Although scientists disagree about the ultimate number of traits and the temperaments they color, most of the research concerns the three most obvious qualities: fearfulness, boldness, and aggressiveness. Just as the scars that laced Burton’s body speak of the way aggressive people operate in the world, the lives of two of his eminent Victorian contemporaries say something about the approaches of he inhibited and uninhibited temperaments. The Queen whose name is synonymous with the effort to dampen arousal described the clockwork progress of an ideal day in the company of her beloved husband: “We walked in the garden…At twelve o’clock we had prayers in the drawing-room, which were read by a young clergyman, who preached a good sermon….I read to Albert the first three cantos of The Lay of the Last Minstrel, which delighted us both: and then we looked over some curious, fine old prints by Ridinger.” Yet even Victoria had days when novelty intruded on her careful plans, trying her sensitive nerves. Despite the efforts of maids and courtiers in a posh Highlands lodge, some missing luggage caused her a rougher night than Burton would have passed in a pestilent swamp: “I dislike the idea of going to be without any of the necessary toilette,” she wrote in her diary. “However, some arrangements were made which were very uncomfortable; and after two I got into bed, but had very little sleep at first; finally, fatigue got the better of discomfort, and after three I fell asleep.”

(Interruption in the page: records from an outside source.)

(* Every admissible Poisson algebra $(\mathcal{P},\cdot)$ is power associative: for every $X\in\mathcal{P}$, defining $X^1=X$ and $X^{i+1}=X\cdot X^i$, one has $X^i\cdot X^j=X^{i+j}$ for all $i,j\ge 1$; in particular the subalgebra generated by any single element is associative.
   Context: $\mathbb{K}$ is a field of characteristic different from $2$ and $3$. For a bilinear product $\cdot$ on $\mathcal{P}$, its associator is $A(X,Y,Z)=(X\cdot Y)\cdot Z-X\cdot(Y\cdot Z)$. An admissible Poisson algebra is a $\mathbb{K}$-vector space $\mathcal{P}$ with a bilinear product $\cdot$ (not assumed associative) satisfying, for all $X,Y,Z$, $3A(X,Y,Z)=(X\cdot Z)\cdot Y+(Y\cdot Z)\cdot X-(Y\cdot X)\cdot Z-(Z\cdot X)\cdot Y$. *)

theory Defs
  imports Main "HOL.Vector_Spaces"
begin

definition bilinear_prod :: "('k::field \<Rightarrow> 'p::ab_group_add \<Rightarrow> 'p) \<Rightarrow> ('p \<Rightarrow> 'p \<Rightarrow> 'p) \<Rightarrow> bool" where
  "bilinear_prod scale m \<longleftrightarrow>
     (\<forall>x. Vector_Spaces.linear scale scale (m x)) \<and>
     (\<forall>y. Vector_Spaces.linear scale scale (\<lambda>x. m x y))"

definition associator :: "('p \<Rightarrow> 'p \<Rightarrow> 'p) \<Rightarrow> 'p \<Rightarrow> 'p \<Rightarrow> 'p \<Rightarrow> 'p::ab_group_add" where
  "associator m X Y Z = m (m X Y) Z - m X (m Y Z)"

definition admissible_poisson :: "('k::field \<Rightarrow> 'p::ab_group_add \<Rightarrow> 'p) \<Rightarrow> ('p \<Rightarrow> 'p \<Rightarrow> 'p) \<Rightarrow> bool" where
  "admissible_poisson scale m \<longleftrightarrow>
     vector_space scale \<and> bilinear_prod scale m \<and>
     (\<forall>X Y Z. scale 3 (associator m X Y Z) =
        m (m X Z) Y + m (m Y Z) X - m (m Y X) Z - m (m Z X) Y)"

text \<open>Powers: ppow m X i = X^i for i \<ge> 1, with X^1 = X and X^(i+1) = X \<cdot> X^i.
  (The value at 0 is unspecified and never used.)\<close>
fun ppow :: "('p \<Rightarrow> 'p \<Rightarrow> 'p) \<Rightarrow> 'p \<Rightarrow> nat \<Rightarrow> 'p" where
  "ppow m X (Suc 0) = X"
| "ppow m X (Suc (Suc n)) = m X (ppow m X (Suc n))"

definition gen_subalg :: "('k::field \<Rightarrow> 'p::ab_group_add \<Rightarrow> 'p) \<Rightarrow> ('p \<Rightarrow> 'p \<Rightarrow> 'p) \<Rightarrow> 'p \<Rightarrow> 'p set" where
  "gen_subalg scale m X =
     \<Inter>{S. module.subspace scale S \<and> X \<in> S \<and> (\<forall>a\<in>S. \<forall>b\<in>S. m a b \<in> S)}"

end

theory Submission
  imports Defs "HOL-Computational_Algebra.Primes"
begin

text \<open>Split the product into its symmetric part \<open>x \<circ> y = xy + yx\<close> and its commutator
  \<open>[x, y] = xy - yx\<close>. Since 3 is invertible, the admissibility identity makes \<open>\<circ>\<close> associative
  and every \<open>[a, -]\<close> a derivation of \<open>\<circ>\<close>. Hence centralisers are closed under \<open>\<circ>\<close>, and the
  \<open>\<circ>\<close>-subalgebra generated by \<open>X\<close> is commutative for the original product. There
  \<open>xy = (x \<circ> y)/2\<close>, so this subalgebra contains the subalgebra generated by \<open>X\<close>, and the
  associativity of \<open>\<circ>\<close> becomes that of the product. Power associativity follows because all
  powers of \<open>X\<close> lie in the generated subalgebra.\<close>

lemma of_nat_prime_nonzero:
  assumes "prime p" and "CHAR('a::{semiring_1,zero_neq_one}) \<noteq> p"
  shows "(of_nat p :: 'a) \<noteq> 0"
  using assms prime_nat_iff CHAR_not_1 by (metis One_nat_def of_nat_eq_0_iff_char_dvd)

lemma gen_subalg_generator: "X \<in> gen_subalg scale m X"
  unfolding gen_subalg_def by blast

lemma prod_in_gen_subalg:
  "a \<in> gen_subalg scale m X \<Longrightarrow> b \<in> gen_subalg scale m X \<Longrightarrow> m a b \<in> gen_subalg scale m X"
  unfolding gen_subalg_def by blast

lemma ppow_in_gen_subalg: "ppow m X (Suc n) \<in> gen_subalg scale m X"
  by (induction n) (auto intro: gen_subalg_generator prod_in_gen_subalg)

lemma ppow_add_if_gen_subalg_assoc:
  assumes "\<forall>a\<in>gen_subalg scale m X. \<forall>b\<in>gen_subalg scale m X. \<forall>c\<in>gen_subalg scale m X.
             m (m a b) c = m a (m b c)"
  shows "m (ppow m X (Suc i)) (ppow m X (Suc j)) = ppow m X (Suc i + Suc j)"
proof (induction i)
  case 0
  then show ?case by simp
next
  case (Suc i)
  have "m (ppow m X (Suc (Suc i))) (ppow m X (Suc j))
      = m (m X (ppow m X (Suc i))) (ppow m X (Suc j))"
    by simp
  also have "\<dots> = m X (m (ppow m X (Suc i)) (ppow m X (Suc j)))"
    using assms gen_subalg_generator ppow_in_gen_subalg by blast
  also have "\<dots> = ppow m X (Suc (Suc i) + Suc j)"
    using Suc by simp
  finally show ?case .
qed

locale bilinear_algebra = vector_space scale
  for scale :: "'k::field \<Rightarrow> 'p::ab_group_add \<Rightarrow> 'p" +
  fixes m :: "'p \<Rightarrow> 'p \<Rightarrow> 'p"
  assumes bilinear: "bilinear_prod scale m"
begin

lemma prod_add_right: "m x (a + b) = m x a + m x b"
  and prod_scale_right: "m x (scale c a) = scale c (m x a)"
  and prod_add_left: "m (a + b) y = m a y + m b y"
  and prod_scale_left: "m (scale c a) y = scale c (m a y)"
  using bilinear unfolding bilinear_prod_def linear_iff by auto

lemma prod_zero_right: "m x 0 = 0"
  using prod_add_right[of x 0 0] by simp

lemma prod_zero_left: "m 0 y = 0"
  using prod_add_left[of 0 0 y] by simp

lemma prod_diff_right: "m x (a - b) = m x a - m x b"
proof -
  interpret additive "m x" by standard (rule prod_add_right)
  show ?thesis by (rule diff)
qed

lemma prod_diff_left: "m (a - b) y = m a y - m b y"
proof -
  interpret additive "\<lambda>a. m a y" by standard (rule prod_add_left)
  show ?thesis by (rule diff)
qed

lemma scale_two: "scale 2 v = v + v"
  using scale_left_distrib[of 1 1 v] by simp

lemma scale_three: "scale 3 v = v + v + v"
  using scale_left_distrib[of 2 1 v] by (simp add: scale_two)

definition sym_prod :: "'p \<Rightarrow> 'p \<Rightarrow> 'p" where
  "sym_prod a b = m a b + m b a"

definition commutator :: "'p \<Rightarrow> 'p \<Rightarrow> 'p" where
  "commutator a b = m a b - m b a"

definition centralizer :: "'p \<Rightarrow> 'p set" where
  "centralizer a = {b. m a b = m b a}"

lemma centralizer_commute: "b \<in> centralizer a \<longleftrightarrow> a \<in> centralizer b"
  unfolding centralizer_def by auto

lemma self_in_centralizer: "a \<in> centralizer a"
  unfolding centralizer_def by simp

lemma subspace_centralizer: "subspace (centralizer a)"
  unfolding subspace_def centralizer_def
  by (auto simp: prod_zero_left prod_zero_right prod_add_left prod_add_right
      prod_scale_left prod_scale_right)

lemma sym_prod_commuting: "m a b = m b a \<Longrightarrow> sym_prod a b = scale 2 (m a b)"
  unfolding sym_prod_def by (simp add: scale_two)

definition sym_subalg :: "'p \<Rightarrow> 'p set" where
  "sym_subalg X = \<Inter>{U. subspace U \<and> X \<in> U \<and> (\<forall>a\<in>U. \<forall>b\<in>U. sym_prod a b \<in> U)}"

lemma sym_subalg_minimal:
  "subspace U \<Longrightarrow> X \<in> U \<Longrightarrow> (\<forall>a\<in>U. \<forall>b\<in>U. sym_prod a b \<in> U) \<Longrightarrow> sym_subalg X \<subseteq> U"
  unfolding sym_subalg_def by blast

lemma subspace_sym_subalg: "subspace (sym_subalg X)"
  unfolding sym_subalg_def by (rule subspace_Inter) blast

lemma sym_subalg_generator: "X \<in> sym_subalg X"
  unfolding sym_subalg_def by blast

lemma sym_prod_in_sym_subalg: "a \<in> sym_subalg X \<Longrightarrow> b \<in> sym_subalg X \<Longrightarrow> sym_prod a b \<in> sym_subalg X"
  unfolding sym_subalg_def by blast

end

locale admissible_poisson_algebra = bilinear_algebra scale m
  for scale :: "'k::field \<Rightarrow> 'p::ab_group_add \<Rightarrow> 'p" and m +
  assumes admissible: "\<And>X Y Z. scale 3 (associator m X Y Z) =
      m (m X Z) Y + m (m Y Z) X - m (m Y X) Z - m (m Z X) Y"
    and two_nonzero: "(2::'k) \<noteq> 0"
    and three_nonzero: "(3::'k) \<noteq> 0"
begin

text \<open>The admissibility identity with \<open>scale 3\<close> written as a sum, so that linear combinations
  of its instances can be normalised by \<open>algebra_simps\<close>.\<close>
definition admissibility_defect :: "'p \<Rightarrow> 'p \<Rightarrow> 'p \<Rightarrow> 'p" where
  "admissibility_defect X Y Z =
     (m (m X Y) Z - m X (m Y Z)) + (m (m X Y) Z - m X (m Y Z)) + (m (m X Y) Z - m X (m Y Z))
     - (m (m X Z) Y + m (m Y Z) X - m (m Y X) Z - m (m Z X) Y)"

lemma admissibility_defect_eq_0: "admissibility_defect X Y Z = 0"
  using admissible[of X Y Z] unfolding admissibility_defect_def associator_def scale_three
  by simp

lemma triple_eq_0_imp_eq_0:
  fixes v :: 'p
  assumes "v + v + v = 0"
  shows "v = 0"
proof -
  have "scale 3 v = 0"
    using assms by (simp only: scale_three)
  then show ?thesis
    using three_nonzero by simp
qed

lemma sym_prod_assoc: "sym_prod (sym_prod a b) c = sym_prod a (sym_prod b c)"
proof -
  let ?T = "sym_prod (sym_prod a b) c - sym_prod a (sym_prod b c)"
  have "?T + ?T + ?T = admissibility_defect a b c + admissibility_defect a c b
      - admissibility_defect c a b - admissibility_defect c b a"
    unfolding sym_prod_def prod_add_left prod_add_right admissibility_defect_def
    by (simp add: algebra_simps)
  also have "\<dots> = 0"
    by (simp add: admissibility_defect_eq_0)
  finally have "?T = 0"
    by (rule triple_eq_0_imp_eq_0)
  then show ?thesis by simp
qed

lemma commutator_sym_prod:
  "commutator a (sym_prod b c) = sym_prod (commutator a b) c + sym_prod b (commutator a c)"
proof -
  let ?T = "commutator a (sym_prod b c) - (sym_prod (commutator a b) c + sym_prod b (commutator a c))"
  have "?T + ?T + ?T = - (admissibility_defect a b c + admissibility_defect a c b
      - admissibility_defect b a c + admissibility_defect b c a
      - admissibility_defect c a b + admissibility_defect c b a)"
    unfolding sym_prod_def commutator_def admissibility_defect_def
      prod_add_left prod_add_right prod_diff_left prod_diff_right
    by (simp add: algebra_simps)
  also have "\<dots> = 0"
    by (simp add: admissibility_defect_eq_0)
  finally have "?T = 0"
    by (rule triple_eq_0_imp_eq_0)
  then show ?thesis by simp
qed

lemma sym_prod_in_centralizer:
  assumes "b \<in> centralizer a" and "c \<in> centralizer a"
  shows "sym_prod b c \<in> centralizer a"
proof -
  have "commutator a b = 0" "commutator a c = 0"
    using assms unfolding centralizer_def commutator_def by simp_all
  then have "commutator a (sym_prod b c) = 0"
    by (simp only: commutator_sym_prod) (simp add: sym_prod_def prod_zero_left prod_zero_right)
  then show ?thesis
    unfolding centralizer_def commutator_def by simp
qed

lemma sym_subalg_subset_centralizer: "X \<in> centralizer a \<Longrightarrow> sym_subalg X \<subseteq> centralizer a"
  by (rule sym_subalg_minimal) (auto intro: subspace_centralizer sym_prod_in_centralizer)

lemma sym_subalg_commute:
  assumes "a \<in> sym_subalg X" and "b \<in> sym_subalg X"
  shows "m a b = m b a"
proof -
  have "a \<in> centralizer X"
    using assms(1) sym_subalg_subset_centralizer self_in_centralizer by blast
  then have "b \<in> centralizer a"
    using assms(2) sym_subalg_subset_centralizer centralizer_commute by blast
  then show ?thesis
    unfolding centralizer_def by simp
qed

lemma prod_in_sym_subalg:
  assumes "a \<in> sym_subalg X" and "b \<in> sym_subalg X"
  shows "m a b \<in> sym_subalg X"
proof -
  have "m a b = scale (1/2) (sym_prod a b)"
    using sym_prod_commuting[OF sym_subalg_commute[OF assms]] two_nonzero by simp
  then show ?thesis
    using sym_prod_in_sym_subalg[OF assms] subspace_sym_subalg subspace_scale by metis
qed

lemma sym_subalg_assoc:
  assumes a: "a \<in> sym_subalg X" and b: "b \<in> sym_subalg X" and c: "c \<in> sym_subalg X"
  shows "m (m a b) c = m a (m b c)"
proof -
  have "sym_prod (sym_prod a b) c = scale 2 (m (sym_prod a b) c)"
    using a b c by (intro sym_prod_commuting sym_subalg_commute sym_prod_in_sym_subalg)
  also have "\<dots> = scale 2 (scale 2 (m (m a b) c))"
    using a b by (simp add: sym_prod_commuting sym_subalg_commute prod_scale_left)
  finally have left: "sym_prod (sym_prod a b) c = scale 2 (scale 2 (m (m a b) c))" .
  have "sym_prod a (sym_prod b c) = scale 2 (m a (sym_prod b c))"
    using a b c by (intro sym_prod_commuting sym_subalg_commute sym_prod_in_sym_subalg)
  also have "\<dots> = scale 2 (scale 2 (m a (m b c)))"
    using b c by (simp add: sym_prod_commuting sym_subalg_commute prod_scale_right)
  finally have right: "sym_prod a (sym_prod b c) = scale 2 (scale 2 (m a (m b c)))" .
  have "scale 2 (scale 2 (m (m a b) c)) = scale 2 (scale 2 (m a (m b c)))"
    using left right sym_prod_assoc by metis
  then show ?thesis
    using two_nonzero by (simp del: scale_scale)
qed

lemma gen_subalg_subset_sym_subalg: "gen_subalg scale m X \<subseteq> sym_subalg X"
  unfolding gen_subalg_def
  using subspace_sym_subalg sym_subalg_generator prod_in_sym_subalg by blast

lemma gen_subalg_assoc:
  "\<forall>a\<in>gen_subalg scale m X. \<forall>b\<in>gen_subalg scale m X. \<forall>c\<in>gen_subalg scale m X.
     m (m a b) c = m a (m b c)"
  using gen_subalg_subset_sym_subalg sym_subalg_assoc by blast

end

theorem mainTheorem3:
  fixes scale :: "'k::field \<Rightarrow> 'p::ab_group_add \<Rightarrow> 'p"
    and m :: "'p \<Rightarrow> 'p \<Rightarrow> 'p"
  assumes "CHAR('k) \<noteq> 2" and "CHAR('k) \<noteq> 3"
    and "admissible_poisson scale m"
  shows "(\<forall>X i j. 1 \<le> i \<longrightarrow> 1 \<le> j \<longrightarrow> m (ppow m X i) (ppow m X j) = ppow m X (i + j))
       \<and> (\<forall>X. \<forall>a\<in>gen_subalg scale m X. \<forall>b\<in>gen_subalg scale m X. \<forall>c\<in>gen_subalg scale m X.
              m (m a b) c = m a (m b c))"
proof -
  have "(2::'k) \<noteq> 0" "(3::'k) \<noteq> 0"
    using of_nat_prime_nonzero[of 2, OF _ assms(1)] of_nat_prime_nonzero[of 3, OF _ assms(2)]
    by simp_all
  then interpret admissible_poisson_algebra scale m
    using assms(3) unfolding admissible_poisson_def
    by (simp add: admissible_poisson_algebra_def admissible_poisson_algebra_axioms_def
        bilinear_algebra_def bilinear_algebra_axioms_def)
  have "m (ppow m X i) (ppow m X j) = ppow m X (i + j)" if "1 \<le> i" "1 \<le> j" for X i j
    using ppow_add_if_gen_subalg_assoc[OF gen_subalg_assoc, of X "i - 1" "j - 1"] that by simp
  then show ?thesis
    using gen_subalg_assoc by blast
qed

end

The nocturnal arrangements of Victoria’s subject the Honorable Jane Digby El Mezrab , who also doted on her husband—at least, on her fourth one—would have greatly perturbed Victoria. With Sheikh Medjuel El Mezrab, this well-traveled, much-married lady passed half each year in a Bedoin tent in the Syrian desert. Arab robes flying and blue eyes rimmed with kohl, she raced camels and horses, went falconing, and even accompanied her lord and master into battle; in quieter moments she served him at meals and washed his feet. After more than decades of their flared-nostril life, taken up well past the point at which Victoria had abandoned herself to inconsolable widowhood, Jane wrote, “Sixty-two years of age, and an impetuous romantic girl of seventeen cannot exceed me in ardent passionate feelings.” Like her Queen, Jane focused on her domestic life, but how she did so throbs with the uninhibited temperament.